Strabag reduces winter losses

06 June 2016

Thomas Birtel

Thomas Birtel

Austrian-based contractor Strabag has said it has reduced its winter losses in the first three months of the year with earnings before interest, taxes, depreciation and amortisation (EBITDA) improved by 13%, and earnings before interest and taxes (EBIT) by 9%.

Adding that winter losses were typical in the construction industry, it said that its net income, excluding minority shareholders, stood at a loss of €116.99 million, which it said was about the same level as the first quarter last year.

Thomas Birtel, CEO, said that following an especially mild winter last year, which he said had resulted in an unusually high output volume at 31 March, 2015, the first quarter of this year had seen a weather-related decline in output in comparison.

“As always, the construction industry cannot see this as an indication for the full year,” he said.

“We currently expect to generate a more or less unchanged output volume over the course of this financial year. While Germany has announced a considerable increase of its infrastructure investments, the lack of procurement and planning capacities means that we still cannot expect any significant growth in 2016.”

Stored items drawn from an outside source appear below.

lemma has_real_derivative_legendre:
  "((\<lambda>s. legendre d n s) has_real_derivative legendre_deriv d n x) (at x)"
proof (induction d n x rule: legendre.induct)
  case (3 d n x)
  have "((\<lambda>s. (2 * real n + real d) * s * legendre d (Suc n) s - (real n + 1) * legendre d n s)
      has_real_derivative (2 * real n + real d) * (legendre d (Suc n) x + x * legendre_deriv d (Suc n) x)
       - (real n + 1) * legendre_deriv d n x) (at x)"
    by (auto intro!: derivative_eq_intros 3 simp: algebra_simps)
  from DERIV_cdivide[OF this, of "real n + real d - 1"] show ?case
    by simp
qed (auto intro!: derivative_eq_intros)

declare legendre.simps(3) [simp del]

lemma legendre_deriv_identity:
  assumes "d \<ge> 2"
  shows "(1 - s\<^sup>2) * legendre_deriv d n s = real n * (legendre d (n - 1) s - s * legendre d n s)"
proof (induction n rule: induct_nat_012)
  case (ge2 n)
  define c where "c = real n + real d - 1"
  have "c \<noteq> 0"
    using assms unfolding c_def by linarith
  have lower: "real n * legendre d (n - 1) s =
      (2 * real n + real d - 2) * s * legendre d n s - (real n + real d - 2) * legendre d (Suc n) s"
    using legendre_recurrence[OF assms, of "n - 1" s] by (cases n) (simp_all add: algebra_simps)
  have P: "c * legendre d (Suc (Suc n)) s = (2 * real n + real d) * s * legendre d (Suc n) s - (real n + 1) * legendre d n s"
    unfolding c_def using legendre_recurrence[OF assms] .
  have D: "c * legendre_deriv d (Suc (Suc n)) s = (2 * real n + real d) * (legendre d (Suc n) s + s * legendre_deriv d (Suc n) s)
       - (real n + 1) * legendre_deriv d n s"
    using \<open>c \<noteq> 0\<close> unfolding c_def by simp
  let ?P = "\<lambda>k. legendre d k s" and ?D = "\<lambda>k. legendre_deriv d k s"
  have "c * ((1 - s\<^sup>2) * ?D (Suc (Suc n))) = (1 - s\<^sup>2) * (c * ?D (Suc (Suc n)))"
    by (simp only: mult_ac)
  also have "\<dots> = (2 * real n + real d) * (1 - s\<^sup>2) * ?P (Suc n)
      + (2 * real n + real d) * s * ((1 - s\<^sup>2) * ?D (Suc n)) - (real n + 1) * ((1 - s\<^sup>2) * ?D n)"
    unfolding D by (simp add: algebra_simps)
  also have "\<dots> = (2 * real n + real d) * (1 - s\<^sup>2) * ?P (Suc n)
      + (2 * real n + real d) * s * (real n + 1) * (?P n - s * ?P (Suc n))
      - (real n + 1) * (real n * ?P (n - 1) - real n * s * ?P n)"
    unfolding ge2 by (simp add: algebra_simps)
  also have "\<dots> = real (Suc (Suc n)) * (c * ?P (Suc n) - s * (c * ?P (Suc (Suc n))))"
    unfolding lower P by (simp add: c_def algebra_simps power2_eq_square)
  finally have "c * ((1 - s\<^sup>2) * ?D (Suc (Suc n))) = c * (real (Suc (Suc n)) * (?P (Suc n) - s * ?P (Suc (Suc n))))"
    by (simp add: algebra_simps)
  then show ?case
    by (simp only: mult_left_cancel[OF \<open>c \<noteq> 0\<close>] diff_Suc_1)
qed (simp_all add: power2_eq_square)
lemma overlined_part_of_largest_size_is_hd:
  assumes "is_overpartition xs" "p \<in> set xs" "snd p" "fst p = fst (hd xs)"
  shows "snd (hd xs)"
proof -
  obtain i where i: "i < length xs" "p = xs ! i" using assms(2) by (auto simp: in_set_conv_nth)
  have "hd xs = xs ! 0" using i by (cases xs) auto
  then show ?thesis
    using assms i unfolding is_overpartition_def by (metis gr0I)
qed

lemma nth_satisfies_iff_less_length_takeWhile:
  assumes "sorted_wrt (\<lambda>a b. Q b \<longrightarrow> Q a) xs" "i < length xs"
  shows "Q (xs ! i) \<longleftrightarrow> i < length (takeWhile Q xs)"
proof
  assume Qi: "Q (xs ! i)"
  show "i < length (takeWhile Q xs)"
  proof (rule ccontr)
    let ?n = "length (takeWhile Q xs)"
    assume "\<not> i < ?n"
    then have "?n \<le> i" "?n < length xs" using assms(2) by simp_all
    then have "Q (xs ! ?n)"
      using Qi assms by (cases "?n = i") (auto simp: sorted_wrt_iff_nth_less le_less)
    then show False using nth_length_takeWhile \<open>?n < length xs\<close> by blast
  qed
next
  assume "i < length (takeWhile Q xs)"
  then show "Q (xs ! i)" by (metis nth_mem set_takeWhileD takeWhile_nth)
qed

lemma dropWhile_not_satisfies:
  assumes "sorted_wrt (\<lambda>a b. Q b \<longrightarrow> Q a) xs" "p \<in> set (dropWhile Q xs)"
  shows "\<not> Q p"
  using assms by (induction xs) (auto split: if_splits)

lemma phi_k_eq_length_takeWhile:
  assumes "t > 0" "is_overpartition xs" "xs \<noteq> []"
  shows "phi_k t xs = length (takeWhile (\<lambda>p. (fst (last xs) div t + 1) * t \<le> fst p) xs)"
proof -
  define c where "c = (fst (last xs) div t + 1) * t"
  define Q where "Q = (\<lambda>p :: nat \<times> bool. c \<le> fst p)"
  define n where "n = length (takeWhile Q xs)"
  have "sorted_wrt (\<lambda>a b. Q b \<longrightarrow> Q a) xs"
    using assms(2) unfolding is_overpartition_def Q_def
    by (auto elim: sorted_wrt_mono_rel[rotated])
  then have Q_iff: "\<And>i. i < length xs \<Longrightarrow> Q (xs ! i) \<longleftrightarrow> i < n"
    unfolding n_def by (rule nth_satisfies_iff_less_length_takeWhile)
  have "fst (last xs) < c"
    using dividend_less_div_times[OF assms(1)] unfolding c_def by simp
  then have "\<not> Q (xs ! (length xs - 1))"
    using assms(3) by (simp add: Q_def last_conv_nth)
  then have "n < length xs"
    using Q_iff[of "length xs - 1"] assms(3) by (cases xs) auto
  then have "(1 \<le> k \<and> k < length xs \<and> fst (xs ! (k - 1)) \<ge> c \<and> c > fst (xs ! k)) \<longleftrightarrow> k = n \<and> 0 < n"
    for k
    using Q_iff[of k] Q_iff[of "k - 1"] \<open>n < length xs\<close> unfolding Q_def by (cases k) auto
  then show ?thesis
    unfolding phi_k_def Let_def c_def[symmetric] n_def[symmetric] Q_def[symmetric]
    by (cases "n = 0") auto
qed

definition shift_parts :: "nat \<Rightarrow> opart \<Rightarrow> opart" where
  "shift_parts c = map (\<lambda>(a, b). (a - c, b))"

lemma opsize_shift_parts:
  "\<forall>p \<in> set ys. c \<le> fst p \<Longrightarrow> opsize (shift_parts c ys) + c * length ys = opsize ys"
  unfolding opsize_def shift_parts_def by (induction ys) (auto simp: split_def)

lemma sorted_precedes_shift_parts:
  assumes "sorted_wrt precedes ys" "\<forall>p \<in> set ys. c \<le> fst p"
  shows "sorted_wrt precedes (shift_parts c ys)"
  unfolding shift_parts_def sorted_wrt_map
  by (rule sorted_wrt_mono_rel[OF _ assms(1)]) (use assms(2) in \<open>auto simp: precedes_def split_def\<close>)

lemma opsize_filter_nonzero: "opsize (filter (\<lambda>p. fst p \<noteq> 0) ys) = opsize ys"
  unfolding opsize_def by (induction ys) auto

lemma phi_eq_split:
  assumes "t > 0" "is_overpartition xs" "xs \<noteq> []"
    and "s = fst (last xs) div t"
    and "H = takeWhile (\<lambda>p. (s + 1) * t \<le> fst p) xs"
    and "T = dropWhile (\<lambda>p. (s + 1) * t \<le> fst p) xs"
  shows "phi t xs = filter (\<lambda>p. fst p \<noteq> 0)
    (replicate (s * length T + (s + 1) * length H) (t, False)
      @ shift_parts (s * t) T @ shift_parts ((s + 1) * t) H)"
proof -
  have "length T = length xs - length H"
    unfolding assms(5,6) by (metis add_diff_cancel_left' length_append takeWhile_dropWhile_id)
  then show ?thesis
    using phi_k_eq_length_takeWhile[OF assms(1-3)] assms(4-6)
    unfolding phi_def Let_def shift_parts_def
    by (simp flip: takeWhile_eq_take dropWhile_eq_drop)
qed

He added, “On the earnings side, we see ourselves confirmed in our plans to reach an EBIT margin of 3% on revenue by the end of the year.”

Strabag reported output volume of €2.26 billion in the first quarter of the 2016 financial year – a decline of 9%.

It said that on the basis of the very high level in the same period of the previous year, output volume fell back in Germany, down 5%, and Poland, a fall of 29%, where the unfavourable weather conditions had a negative impact on the first quarter results.

Consolidated group revenue was also down, falling by 7% to €2.12 billion.

The company added that the order backlog had also decreased on the year, standing at €13.98 billion on 31 March, 2016 – an 8% decline versus the first quarter of 2015.

It said that while the north and west segment registered an improved order backlog – especially in Poland, thanks to several road construction contracts – this figure was on the decline in the company’s other two segments.

The management board said it expected the output volume for the 2016 financial year to remain unchanged at best. Organic growth at about the level of inflation was expected for the next few years.

The management board confirmed a target of achieving a lasting EBIT margin of 3% starting in 2016, as the efforts to improve risk management further and to lower costs had already had a positive impact on earnings.